Included in this piece are the voices of 4 women - 3 of whom I consider friends, and 1 I have come to know via social media. I am investigating OnlyFans as a platform with an acknowledgement of my own bias, as I am aware of the money it has allowed my friends to earn when they’ve faced financial hardships.

1 million people globally are using OnlyFans as a method to generate extra income. Founded in 2016, the website is the contrivance of its London-based CEO Tim Stokely, and is a provocative platform that offers content creators the opportunity to monetise and determine their own workload via a subscription service - something unattainable on most social media platforms.

Speaking to Wired in 2019, Stokely stated that: "Uber is a bolt-on to your car just as OnlyFans is a bolt-on to your existing social media" - and he wasn’t wrong. As of March 2021, the representative says they have paid out more than £2bn in creator earnings. Make no mistake; this appears to be just the beginning for OnlyFans, who receive 20% of all money made on the website. According to their help page, this percentage "covers referral payments, payment processing, hosting, support, and all other services".

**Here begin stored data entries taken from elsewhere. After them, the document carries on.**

(* Let $\mathbf{X}\subseteq\mathbb{R}_+^n$ be an interval and $\mathrm{IC}(\mathbf{a}_0,\dots,\mathbf{a}_{n-1})$ an interval circulant matrix. Then $\mathrm{IC}(\mathbf{a}_0,\dots,\mathbf{a}_{n-1})$ is universally $\mathbf{X}$-robust, i.e. $x\in\mathrm{Attr}(A)$ for all $A\in\mathrm{IC}(\mathbf{a}_0,\dots,\mathbf{a}_{n-1})$ and all $x\in\mathbf{X}$, if and only if $x^{(j)}\in\mathrm{Attr}(A^{(i)})$ for all $i\in\{0,\dots,n-1\}$ and $j\in\{1,\dots,n\}$.
   Context: Max algebra on $\mathbb{R}_+$: $\oplus=\max$, ordinary product; $\lambda(A)$ greatest max-algebraic eigenvalue (maximum cycle geometric mean); $\mathrm{Attr}(A)=\{x\in\mathbb{R}_+^n: A^{t+1}\otimes x=\lambda(A)A^t\otimes x\text{ for some }t\ge0\}$. An interval $\mathbf{X}=\prod_i\mathbf{X}_i$ has each $\mathbf{X}_i\subseteq\mathbb{R}_+$ nonempty of one of the forms $[\underline{x}_i,\overline{x}_i]$, $(\underline{x}_i,\overline{x}_i)$, $(\underline{x}_i,\overline{x}_i]$, $[\underline{x}_i,\overline{x}_i)$; $x^{(k)}=(\underline{x}_1,\dots,\underline{x}_{k-1},\overline{x}_k,\underline{x}_{k+1},\dots,\underline{x}_n)$. $\mathrm{Circ}(a_0,\dots,a_{n-1})$ has entries $A_{i,j}=a_t$, $t\equiv j-i\pmod n$; $\mathrm{IC}(\mathbf{a}_0,\dots,\mathbf{a}_{n-1})$ is the set of all $\mathrm{Circ}(a_0,\dots,a_{n-1})$ with $a_t\in\mathbf{a}_t$, each $\mathbf{a}_t\subseteq\mathbb{R}_+$ a nonempty interval of one of the four forms with endpoints $\underline a_t\le\overline a_t$. $A^{(k)}=\mathrm{Circ}(\underline{a}_0,\dots,\underline{a}_{k-1},\overline{a}_k,\underline{a}_{k+1},\dots,\underline{a}_{n-1})$ for $k\in\{0,\dots,n-1\}$. *)

theory Defs
  imports Complex_Main
begin

text \<open>Vectors are \<open>nat \<Rightarrow> real\<close> and
  n x n matrices are \<open>nat \<Rightarrow> nat \<Rightarrow> real\<close>, indices ranging over \<open>{0..<n}\<close>.\<close>

definition mp_mv :: "nat \<Rightarrow> (nat \<Rightarrow> nat \<Rightarrow> real) \<Rightarrow> (nat \<Rightarrow> real) \<Rightarrow> nat \<Rightarrow> real" where
  "mp_mv n A x = (\<lambda>i. Max ((\<lambda>j. A i j * x j) ` {..<n}))"

fun mp_pow_mv :: "nat \<Rightarrow> (nat \<Rightarrow> nat \<Rightarrow> real) \<Rightarrow> nat \<Rightarrow> (nat \<Rightarrow> real) \<Rightarrow> nat \<Rightarrow> real" where
  "mp_pow_mv n A 0 x = x"
| "mp_pow_mv n A (Suc t) x = mp_mv n A (mp_pow_mv n A t x)"

text \<open>Elementary cycles of the digraph on \<open>{0..<n}\<close>, as nonempty lists of distinct nodes.\<close>
definition cycle_gmean :: "(nat \<Rightarrow> nat \<Rightarrow> real) \<Rightarrow> nat list \<Rightarrow> real" where
  "cycle_gmean A cs = root (length cs)
     (\<Prod>l<length cs. A (cs ! l) (cs ! ((l + 1) mod length cs)))"

text \<open>Greatest max-algebraic eigenvalue = maximum cycle geometric mean.\<close>
definition mp_lambda :: "nat \<Rightarrow> (nat \<Rightarrow> nat \<Rightarrow> real) \<Rightarrow> real" where
  "mp_lambda n A = Max (cycle_gmean A ` {cs. cs \<noteq> [] \<and> distinct cs \<and> set cs \<subseteq> {..<n}})"

definition attr :: "nat \<Rightarrow> (nat \<Rightarrow> nat \<Rightarrow> real) \<Rightarrow> (nat \<Rightarrow> real) \<Rightarrow> bool" where
  "attr n A x \<longleftrightarrow> (\<forall>i<n. 0 \<le> x i) \<and>
     (\<exists>t. \<forall>i<n. mp_pow_mv n A (Suc t) x i = mp_lambda n A * mp_pow_mv n A t x i)"

text \<open>A real interval given by (lower, upper, lower end closed?, upper end closed?).\<close>
type_synonym ivl = "real \<times> real \<times> bool \<times> bool"

definition lo :: "ivl \<Rightarrow> real" where "lo I = fst I"
definition hi :: "ivl \<Rightarrow> real" where "hi I = fst (snd I)"

definition in_ivl :: "ivl \<Rightarrow> real \<Rightarrow> bool" where
  "in_ivl I v \<longleftrightarrow> (case I of (l, u, cl, cu) \<Rightarrow>
      (if cl then l \<le> v else l < v) \<and> (if cu then v \<le> u else v < u))"

definition valid_ivl :: "ivl \<Rightarrow> bool" where
  "valid_ivl I \<longleftrightarrow> 0 \<le> lo I \<and> lo I \<le> hi I \<and> (\<exists>v. in_ivl I v)"

definition circ :: "nat \<Rightarrow> (nat \<Rightarrow> real) \<Rightarrow> nat \<Rightarrow> nat \<Rightarrow> real" where
  "circ n a = (\<lambda>i j. a ((j + n - i) mod n))"

text \<open>\<open>x^{(k)}\<close> (0-indexed).\<close>
definition x_corner :: "(nat \<Rightarrow> ivl) \<Rightarrow> nat \<Rightarrow> nat \<Rightarrow> real" where
  "x_corner X k = (\<lambda>i. if i = k then hi (X i) else lo (X i))"

definition A_corner :: "nat \<Rightarrow> (nat \<Rightarrow> ivl) \<Rightarrow> nat \<Rightarrow> nat \<Rightarrow> nat \<Rightarrow> real" where
  "A_corner n aI k = circ n (\<lambda>t. if t = k then hi (aI t) else lo (aI t))"

end

theory Submission
  imports Defs
begin

text \<open>Let \<open>a\<^sub>s\<close> be a largest entry of \<open>a\<close> and \<open>A = Circ(a)\<close>. Then \<open>\<lambda>(A) = a\<^sub>s\<close>: no cycle mean
  exceeds \<open>a\<^sub>s\<close>, and the orbit of the shift by \<open>s\<close> is a cycle of mean \<open>a\<^sub>s\<close>. By pigeonhole,
  every walk with at least \<open>n\<close> steps contains a block of \<open>d\<close> consecutive steps whose sum is
  \<open>d s\<close> modulo \<open>n\<close>; replacing it by \<open>d\<close> steps of size \<open>s\<close> keeps the end point and does not
  decrease the weight. Hence \<open>(A^(t+1) x)_i = a\<^sub>s (A^t x)_(i+s)\<close> for \<open>t \<ge> n - 1\<close>, so that
  \<open>x \<in> Attr(A)\<close> iff \<open>A^(n-1) x\<close> is invariant under the shift by \<open>s\<close>, iff
  \<open>a\<^sub>s^(n+1) x_r \<le> (A^(n+1) x)_r\<close> for all \<open>r\<close>.

  These inequalities survive limits in \<open>(a, x)\<close>, and the corners are limits of points of the
  intervals. Conversely, for \<open>a\<close> and \<open>x\<close> in the intervals the \<open>r\<close>-th inequality follows from
  the one for \<open>A\<^sup>(\<^sup>s\<^sup>)\<close> and \<open>x\<^sup>(\<^sup>r\<^sup>)\<close>, since \<open>x \<ge> (x_r / x\<^sup>(\<^sup>r\<^sup>)_r) x\<^sup>(\<^sup>r\<^sup>)\<close> with equality at \<open>r\<close>,
  and \<open>a\<^sub>s A\<^sup>(\<^sup>s\<^sup>) \<le> \<lambda>(A\<^sup>(\<^sup>s\<^sup>)) A\<close> entrywise.\<close>

definition circ_mv :: "nat \<Rightarrow> (nat \<Rightarrow> real) \<Rightarrow> (nat \<Rightarrow> real) \<Rightarrow> nat \<Rightarrow> real" where
  "circ_mv n a z i = Max ((\<lambda>k. a k * z ((i + k) mod n)) ` {..<n})"

fun circ_pow_mv :: "nat \<Rightarrow> (nat \<Rightarrow> real) \<Rightarrow> nat \<Rightarrow> (nat \<Rightarrow> real) \<Rightarrow> nat \<Rightarrow> real" where
  "circ_pow_mv n a 0 z = z"
| "circ_pow_mv n a (Suc t) z = circ_mv n a (circ_pow_mv n a t z)"

lemma shift_mod_inverse:
  assumes "(i::nat) < n" and "k < n"
  shows "((i + k) mod n + n - i) mod n = k"
proof -
  have "((i + k) mod n + n - i) mod n = ((i + k) mod n + (n - i)) mod n"
    using assms(1) by simp
  also have "\<dots> = (i + k + (n - i)) mod n"
    by (simp add: mod_add_left_eq)
  also have "i + k + (n - i) = k + n"
    using assms(1) by simp
  finally show ?thesis
    using assms(2) by simp
qed

lemma shift_mod_image:
  assumes "0 < (n::nat)"
  shows "(\<lambda>k. (c + k) mod n) ` {..<n} = {..<n}"
proof -
  have "inj_on (\<lambda>k. (c mod n + k) mod n) {..<n}"
    by (rule inj_onI) (metis lessThan_iff shift_mod_inverse assms mod_less_divisor)
  then have "(\<lambda>k. (c mod n + k) mod n) ` {..<n} = {..<n}"
    by (intro endo_inj_surj) (auto simp: assms)
  then show ?thesis
    by (simp add: mod_add_left_eq)
qed

lemma add_mult_mod_cycle:
  assumes "0 < (n::nat)"
  shows "((r + s) mod n + (n - 1) * s) mod n = r mod n"
proof -
  have "r + s + (n - 1) * s = r + s * n"
    using assms by (cases n) (auto simp: algebra_simps)
  then show ?thesis
    by (metis mod_add_left_eq mod_mult_self1)
qed

lemma shift_invariant_of_le:
  fixes u :: "nat \<Rightarrow> real"
  assumes n: "0 < n" and le: "\<And>i. i < n \<Longrightarrow> u i \<le> u ((i + s) mod n)"
  shows "i < n \<Longrightarrow> u ((i + s) mod n) = u i"
proof -
  assume i: "i < n"
  have orbit: "u j \<le> u ((j + m * s) mod n)" if "j < n" for j m
  proof (induction m)
    case (Suc m)
    have "u ((j + m * s) mod n) \<le> u (((j + m * s) mod n + s) mod n)"
      using le n by simp
    also have "((j + m * s) mod n + s) mod n = (j + Suc m * s) mod n"
      by (simp add: mod_simps algebra_simps)
    finally show ?case
      using Suc.IH by simp
  qed (use that in simp)
  have "u ((i + s) mod n) \<le> u (((i + s) mod n + (n - 1) * s) mod n)"
    using orbit n by simp
  then show ?thesis
    using le[OF i] add_mult_mod_cycle[OF n, of i s] i by simp
qed

lemma shift_invariant_of_translate:
  fixes u :: "nat \<Rightarrow> real"
  assumes n: "0 < n" and inv: "\<And>i. i < n \<Longrightarrow> u ((c + (i + s) mod n) mod n) = u ((c + i) mod n)"
    and j: "j < n"
  shows "u ((j + s) mod n) = u j"
proof -
  have "j \<in> (\<lambda>k. (c + k) mod n) ` {..<n}"
    using shift_mod_image[OF n, of c] j by simp
  then obtain i where i: "i < n" "j = (c + i) mod n"
    by auto
  have "(j + s) mod n = (c + (i + s) mod n) mod n"
    unfolding i(2) mod_add_left_eq mod_add_right_eq by (simp add: add.assoc)
  then show ?thesis
    using inv[OF i(1)] i(2) by simp
qed

lemma mp_mv_circ:
  assumes "i < n"
  shows "mp_mv n (circ n a) z i = circ_mv n a z i"
proof -
  have "(\<lambda>j. circ n a i j * z j) ` {..<n}
          = (\<lambda>j. circ n a i j * z j) ` (\<lambda>k. (i + k) mod n) ` {..<n}"
    using shift_mod_image[of n i] assms by simp
  also have "\<dots> = (\<lambda>k. a k * z ((i + k) mod n)) ` {..<n}"
    unfolding image_image circ_def using shift_mod_inverse[OF assms] by simp
  finally show ?thesis
    unfolding mp_mv_def circ_mv_def by simp
qed

lemma mp_pow_mv_circ:
  "i < n \<Longrightarrow> mp_pow_mv n (circ n a) t z i = circ_pow_mv n a t z i"
proof (induction t arbitrary: i)
  case (Suc t)
  have "mp_pow_mv n (circ n a) (Suc t) z i = mp_mv n (circ n a) (circ_pow_mv n a t z) i"
    using Suc.IH by (auto simp: mp_mv_def intro!: arg_cong[where f = Max] image_cong)
  then show ?case
    using mp_mv_circ[OF Suc.prems] by simp
qed simp

lemma circ_mv_ge:
  "0 < n \<Longrightarrow> k < n \<Longrightarrow> a k * z ((i + k) mod n) \<le> circ_mv n a z i"
  unfolding circ_mv_def by (rule Max_ge) auto

lemma circ_mv_le:
  "0 < n \<Longrightarrow> (\<And>k. k < n \<Longrightarrow> a k * z ((i + k) mod n) \<le> c) \<Longrightarrow> circ_mv n a z i \<le> c"
  unfolding circ_mv_def by (rule Max.boundedI) auto

lemma circ_mv_attained:
  assumes "0 < n"
  obtains k where "k < n" and "circ_mv n a z i = a k * z ((i + k) mod n)"
proof -
  have "circ_mv n a z i \<in> (\<lambda>k. a k * z ((i + k) mod n)) ` {..<n}"
    unfolding circ_mv_def by (rule Max_in) (use assms in auto)
  then show ?thesis
    using that by auto
qed

lemma circ_mv_cong:
  "0 < n \<Longrightarrow> (\<And>j. j < n \<Longrightarrow> z j = z' j) \<Longrightarrow> circ_mv n a z i = circ_mv n a z' i"
  unfolding circ_mv_def by (auto intro!: arg_cong[where f = Max] image_cong)

lemma circ_mv_mono:
  assumes n: "0 < n" and a: "\<And>k. k < n \<Longrightarrow> 0 \<le> a k" and z: "\<And>j. j < n \<Longrightarrow> z j \<le> z' j"
  shows "circ_mv n a z i \<le> circ_mv n a z' i"
proof (rule circ_mv_le[OF n])
  fix k assume k: "k < n"
  have "a k * z ((i + k) mod n) \<le> a k * z' ((i + k) mod n)"
    using a[OF k] z[of "(i + k) mod n"] n by (simp add: mult_left_mono)
  also have "\<dots> \<le> circ_mv n a z' i"
    by (rule circ_mv_ge[OF n k])
  finally show "a k * z ((i + k) mod n) \<le> circ_mv n a z' i" .
qed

Creators decide their own monthly rates, which gives them "a feeling of power and control", as creator Tia explains. Tia, who has used the platform since February 2020, made more in her first month on OnlyFans than she does monthly in her day job as a full time retail assistant. I've known Tia for 2 years, and although she credits the platform with helping her financially, it has generated difficulties in her personal life. She notes, "men think if you do OnlyFans, you'll be easy to sleep with. It affects relationships and creates pre-judgement".

OnlyFans Creator, Tia. Image courtesy of Tia Richardson

OnlyFans Creator, Tia. Image courtesy of Tia Richardson

Strikingly, many creators propose a free subscription, often implying that pay-per-view content lies ahead. Upon subscribing to several free accounts, it is clear that many do offer snippets of complimentary content, in order to lure in potential paying customers that desire more. Content creators also can engage with fans privately through direct messaging, this feature often used to sell ultra-exclusive or personalised content. This pay-per-view content averages currently at $5 an image.

The content uploaded by users varies with each creator. Some keep to just promiscuous lingerie imagery and offer ‘tip to see more’ packages. Other creators can offer group sex livestreams, masturbation clips and point of view (POV) sex tapes. OnlyFans give creators the freedom to post only what they are comfortable in producing.

But, there are boundaries. The platform allows countless sexual acts to be shown on the platform, but a line is drawn when creators attempt to overstep the mark. Their limits are displayed in OnlyFans' Terms of Service below:

Although the platform is synonymous with pornography, not all content is not safe for work (NSFW)  - a multitude of personal trainers, chefs and musicians have already taken advantage of OnlyFans’ potential to acquire more earnings.

Famous faces are known to frequent the platform as well. Notably, musicians Cardi B and DJ Khaled offer first look and behind-the-scenes sneak peeks of upcoming projects on their accounts, which each boast thousands of likes.

One content creator, an anonymous straight young male, explains that he joined OnlyFans to afford a PlayStation 5 - now, he claims he could buy several … if he could find them. Not only do his legion of subscribers, primarily older gay men, pay his bills and buy him the Batman statues on his Amazon wish list, they, he claims, "boost his self-esteem", and offer an indispensable distraction from the mundane normalities of mid-pandemic life.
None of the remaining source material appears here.